> _TASK BRIEF_: Which lines of the entries contain the word "lambda"? Please list them.

> _RECORD EXCERPTS_:
========

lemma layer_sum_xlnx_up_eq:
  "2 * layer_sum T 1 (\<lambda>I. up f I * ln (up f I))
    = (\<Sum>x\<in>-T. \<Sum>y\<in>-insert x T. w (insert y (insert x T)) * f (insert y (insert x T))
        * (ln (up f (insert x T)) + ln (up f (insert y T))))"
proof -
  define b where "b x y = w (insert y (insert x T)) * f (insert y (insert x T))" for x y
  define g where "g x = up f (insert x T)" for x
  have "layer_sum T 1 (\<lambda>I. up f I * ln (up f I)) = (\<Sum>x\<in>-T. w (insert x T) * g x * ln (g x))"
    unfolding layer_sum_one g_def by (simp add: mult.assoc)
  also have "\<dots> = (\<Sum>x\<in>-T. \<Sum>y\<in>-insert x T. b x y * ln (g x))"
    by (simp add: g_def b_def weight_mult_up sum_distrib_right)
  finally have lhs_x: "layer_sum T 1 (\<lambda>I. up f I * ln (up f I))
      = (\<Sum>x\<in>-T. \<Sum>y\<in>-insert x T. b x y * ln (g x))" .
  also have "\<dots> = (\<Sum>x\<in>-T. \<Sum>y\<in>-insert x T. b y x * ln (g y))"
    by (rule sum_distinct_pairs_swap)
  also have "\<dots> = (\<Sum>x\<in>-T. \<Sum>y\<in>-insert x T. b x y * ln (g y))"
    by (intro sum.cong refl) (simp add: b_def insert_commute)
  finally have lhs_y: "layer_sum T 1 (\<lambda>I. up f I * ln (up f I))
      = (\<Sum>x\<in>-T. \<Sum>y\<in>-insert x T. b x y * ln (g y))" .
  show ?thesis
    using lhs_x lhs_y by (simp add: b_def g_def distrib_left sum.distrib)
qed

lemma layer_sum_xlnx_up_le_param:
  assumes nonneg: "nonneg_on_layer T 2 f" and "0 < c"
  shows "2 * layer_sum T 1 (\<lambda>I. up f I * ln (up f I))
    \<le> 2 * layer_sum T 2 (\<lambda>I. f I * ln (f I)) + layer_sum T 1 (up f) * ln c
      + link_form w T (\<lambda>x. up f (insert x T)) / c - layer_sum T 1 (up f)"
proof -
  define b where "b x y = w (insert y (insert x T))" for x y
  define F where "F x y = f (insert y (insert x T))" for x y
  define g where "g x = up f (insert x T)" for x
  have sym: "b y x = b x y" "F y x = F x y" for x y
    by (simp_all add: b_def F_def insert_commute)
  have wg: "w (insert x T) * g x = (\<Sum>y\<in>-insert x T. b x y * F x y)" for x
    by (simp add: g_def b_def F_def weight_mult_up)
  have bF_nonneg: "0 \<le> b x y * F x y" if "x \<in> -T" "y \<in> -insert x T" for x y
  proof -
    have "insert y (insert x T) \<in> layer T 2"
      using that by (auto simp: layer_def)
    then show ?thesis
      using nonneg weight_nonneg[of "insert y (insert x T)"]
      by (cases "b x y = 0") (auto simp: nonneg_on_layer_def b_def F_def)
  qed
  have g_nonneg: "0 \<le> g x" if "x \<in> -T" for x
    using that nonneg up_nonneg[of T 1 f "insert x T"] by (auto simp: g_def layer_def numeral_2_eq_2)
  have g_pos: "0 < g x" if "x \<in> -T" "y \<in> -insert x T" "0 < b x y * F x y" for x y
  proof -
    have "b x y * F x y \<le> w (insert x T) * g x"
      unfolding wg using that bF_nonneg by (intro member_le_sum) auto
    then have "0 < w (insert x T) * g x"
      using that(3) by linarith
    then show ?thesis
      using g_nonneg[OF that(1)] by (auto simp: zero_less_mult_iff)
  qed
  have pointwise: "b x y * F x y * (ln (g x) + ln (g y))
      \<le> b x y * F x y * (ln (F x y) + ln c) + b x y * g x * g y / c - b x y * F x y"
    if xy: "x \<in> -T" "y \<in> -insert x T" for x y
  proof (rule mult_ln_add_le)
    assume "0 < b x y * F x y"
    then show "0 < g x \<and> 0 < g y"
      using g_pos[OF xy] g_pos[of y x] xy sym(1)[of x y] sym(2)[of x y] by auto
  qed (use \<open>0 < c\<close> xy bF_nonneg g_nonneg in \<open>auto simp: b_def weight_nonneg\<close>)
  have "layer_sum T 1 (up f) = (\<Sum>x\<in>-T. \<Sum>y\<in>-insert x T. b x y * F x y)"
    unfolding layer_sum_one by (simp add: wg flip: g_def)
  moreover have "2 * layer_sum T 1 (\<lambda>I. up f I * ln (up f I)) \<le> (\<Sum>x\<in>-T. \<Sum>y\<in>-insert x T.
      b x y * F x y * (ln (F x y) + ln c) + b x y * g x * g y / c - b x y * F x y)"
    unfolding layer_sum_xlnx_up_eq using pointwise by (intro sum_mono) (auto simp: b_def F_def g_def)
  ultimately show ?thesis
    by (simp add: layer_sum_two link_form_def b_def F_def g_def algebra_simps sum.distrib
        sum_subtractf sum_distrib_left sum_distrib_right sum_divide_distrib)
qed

========

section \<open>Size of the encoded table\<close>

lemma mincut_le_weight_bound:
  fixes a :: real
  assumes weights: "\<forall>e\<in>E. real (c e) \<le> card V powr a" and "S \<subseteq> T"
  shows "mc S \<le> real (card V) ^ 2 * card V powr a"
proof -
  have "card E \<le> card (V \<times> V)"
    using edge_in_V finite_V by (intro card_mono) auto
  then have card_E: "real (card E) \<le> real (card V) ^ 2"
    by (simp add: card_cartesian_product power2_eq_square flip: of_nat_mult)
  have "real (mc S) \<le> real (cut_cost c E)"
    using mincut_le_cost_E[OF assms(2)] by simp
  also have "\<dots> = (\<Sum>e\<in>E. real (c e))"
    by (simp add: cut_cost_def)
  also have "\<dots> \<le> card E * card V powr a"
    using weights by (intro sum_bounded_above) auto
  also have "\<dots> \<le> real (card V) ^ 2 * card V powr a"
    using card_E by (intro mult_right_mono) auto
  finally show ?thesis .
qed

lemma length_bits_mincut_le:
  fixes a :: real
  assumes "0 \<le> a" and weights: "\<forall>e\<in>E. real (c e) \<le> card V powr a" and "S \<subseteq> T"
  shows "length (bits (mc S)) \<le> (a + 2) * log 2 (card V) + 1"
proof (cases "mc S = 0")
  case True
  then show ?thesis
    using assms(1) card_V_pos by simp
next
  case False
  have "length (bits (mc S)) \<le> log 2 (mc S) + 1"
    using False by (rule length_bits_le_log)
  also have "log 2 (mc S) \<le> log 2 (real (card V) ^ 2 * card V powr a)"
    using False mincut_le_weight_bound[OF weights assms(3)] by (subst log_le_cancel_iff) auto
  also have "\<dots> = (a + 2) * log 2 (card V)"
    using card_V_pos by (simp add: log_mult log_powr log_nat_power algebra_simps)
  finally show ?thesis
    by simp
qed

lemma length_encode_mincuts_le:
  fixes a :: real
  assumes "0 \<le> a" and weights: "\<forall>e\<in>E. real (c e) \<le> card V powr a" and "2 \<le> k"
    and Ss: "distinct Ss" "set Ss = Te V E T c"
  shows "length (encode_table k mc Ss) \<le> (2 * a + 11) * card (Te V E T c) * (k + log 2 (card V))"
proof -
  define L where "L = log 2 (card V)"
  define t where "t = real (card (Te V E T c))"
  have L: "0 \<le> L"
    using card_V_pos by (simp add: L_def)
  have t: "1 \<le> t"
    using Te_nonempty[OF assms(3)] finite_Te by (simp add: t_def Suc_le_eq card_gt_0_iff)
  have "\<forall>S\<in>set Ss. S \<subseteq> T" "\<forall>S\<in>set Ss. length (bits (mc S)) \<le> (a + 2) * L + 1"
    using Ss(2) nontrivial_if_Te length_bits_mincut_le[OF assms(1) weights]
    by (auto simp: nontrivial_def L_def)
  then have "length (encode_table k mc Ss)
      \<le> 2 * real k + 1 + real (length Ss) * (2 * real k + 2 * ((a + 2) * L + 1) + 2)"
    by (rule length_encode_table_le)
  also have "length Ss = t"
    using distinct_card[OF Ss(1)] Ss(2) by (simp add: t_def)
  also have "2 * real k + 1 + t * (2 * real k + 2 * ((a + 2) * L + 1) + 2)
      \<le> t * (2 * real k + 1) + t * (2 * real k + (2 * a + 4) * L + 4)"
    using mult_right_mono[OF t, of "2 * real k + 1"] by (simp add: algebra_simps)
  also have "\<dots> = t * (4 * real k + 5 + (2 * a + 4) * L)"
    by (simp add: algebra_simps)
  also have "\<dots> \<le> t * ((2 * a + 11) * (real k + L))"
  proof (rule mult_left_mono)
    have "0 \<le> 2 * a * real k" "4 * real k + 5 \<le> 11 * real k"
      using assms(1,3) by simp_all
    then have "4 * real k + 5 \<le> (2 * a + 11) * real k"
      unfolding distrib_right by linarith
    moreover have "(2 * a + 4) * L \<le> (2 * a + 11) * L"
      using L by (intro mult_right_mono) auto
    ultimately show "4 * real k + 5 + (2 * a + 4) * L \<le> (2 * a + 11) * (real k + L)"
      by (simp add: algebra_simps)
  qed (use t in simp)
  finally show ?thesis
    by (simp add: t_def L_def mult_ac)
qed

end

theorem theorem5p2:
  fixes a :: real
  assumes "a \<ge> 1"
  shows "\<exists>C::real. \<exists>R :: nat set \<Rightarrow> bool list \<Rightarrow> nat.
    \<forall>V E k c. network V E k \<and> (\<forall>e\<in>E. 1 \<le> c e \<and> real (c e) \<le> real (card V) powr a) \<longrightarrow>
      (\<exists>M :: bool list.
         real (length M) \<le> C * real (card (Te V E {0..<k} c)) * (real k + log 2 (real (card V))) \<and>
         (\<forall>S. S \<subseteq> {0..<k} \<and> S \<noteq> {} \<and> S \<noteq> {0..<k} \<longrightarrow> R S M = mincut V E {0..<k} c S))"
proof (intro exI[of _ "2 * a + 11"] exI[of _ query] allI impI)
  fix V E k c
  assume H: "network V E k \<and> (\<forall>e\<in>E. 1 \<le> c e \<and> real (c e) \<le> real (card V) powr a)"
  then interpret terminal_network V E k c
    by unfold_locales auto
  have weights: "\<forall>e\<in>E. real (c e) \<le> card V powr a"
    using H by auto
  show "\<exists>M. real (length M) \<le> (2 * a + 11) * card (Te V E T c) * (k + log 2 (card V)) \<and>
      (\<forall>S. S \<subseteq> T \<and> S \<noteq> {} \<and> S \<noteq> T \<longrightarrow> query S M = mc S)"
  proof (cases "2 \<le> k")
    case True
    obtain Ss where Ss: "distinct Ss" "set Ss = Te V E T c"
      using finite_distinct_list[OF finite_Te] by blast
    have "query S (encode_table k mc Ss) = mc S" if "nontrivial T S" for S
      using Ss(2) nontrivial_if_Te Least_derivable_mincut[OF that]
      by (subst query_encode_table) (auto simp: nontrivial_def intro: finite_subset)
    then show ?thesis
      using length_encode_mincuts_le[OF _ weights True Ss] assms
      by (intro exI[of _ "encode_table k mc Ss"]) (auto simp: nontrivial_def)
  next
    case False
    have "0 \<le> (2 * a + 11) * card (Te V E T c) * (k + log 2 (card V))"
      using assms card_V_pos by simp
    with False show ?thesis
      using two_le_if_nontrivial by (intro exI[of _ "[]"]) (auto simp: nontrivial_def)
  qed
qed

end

========

> _ANSWER BELOW_:
  "2 * layer_sum T 1 (\<lambda>I. up f I * ln (up f I))
  have "layer_sum T 1 (\<lambda>I. up f I * ln (up f I)) = (\<Sum>x\<in>-T. w (insert x T) * g x * ln (g x))"
  finally have lhs_x: "layer_sum T 1 (\<lambda>I. up f I * ln (up f I))
  finally have lhs_y: "layer_sum T 1 (\<lambda>I. up f I * ln (up f I))
  shows "2 * layer_sum T 1 (\<lambda>I. up f I * ln (up f I))
    \<le> 2 * layer_sum T 2 (\<lambda>I. f I * ln (f I)) + layer_sum T 1 (up f) * ln c
      + link_form w T (\<lambda>x. up f (insert x T)) / c - layer_sum T 1 (up f)"
  moreover have "2 * layer_sum T 1 (\<lambda>I. up f I * ln (up f I)) \<le> (\<Sum>x\<in>-T. \<Sum>y\<in>-insert x T.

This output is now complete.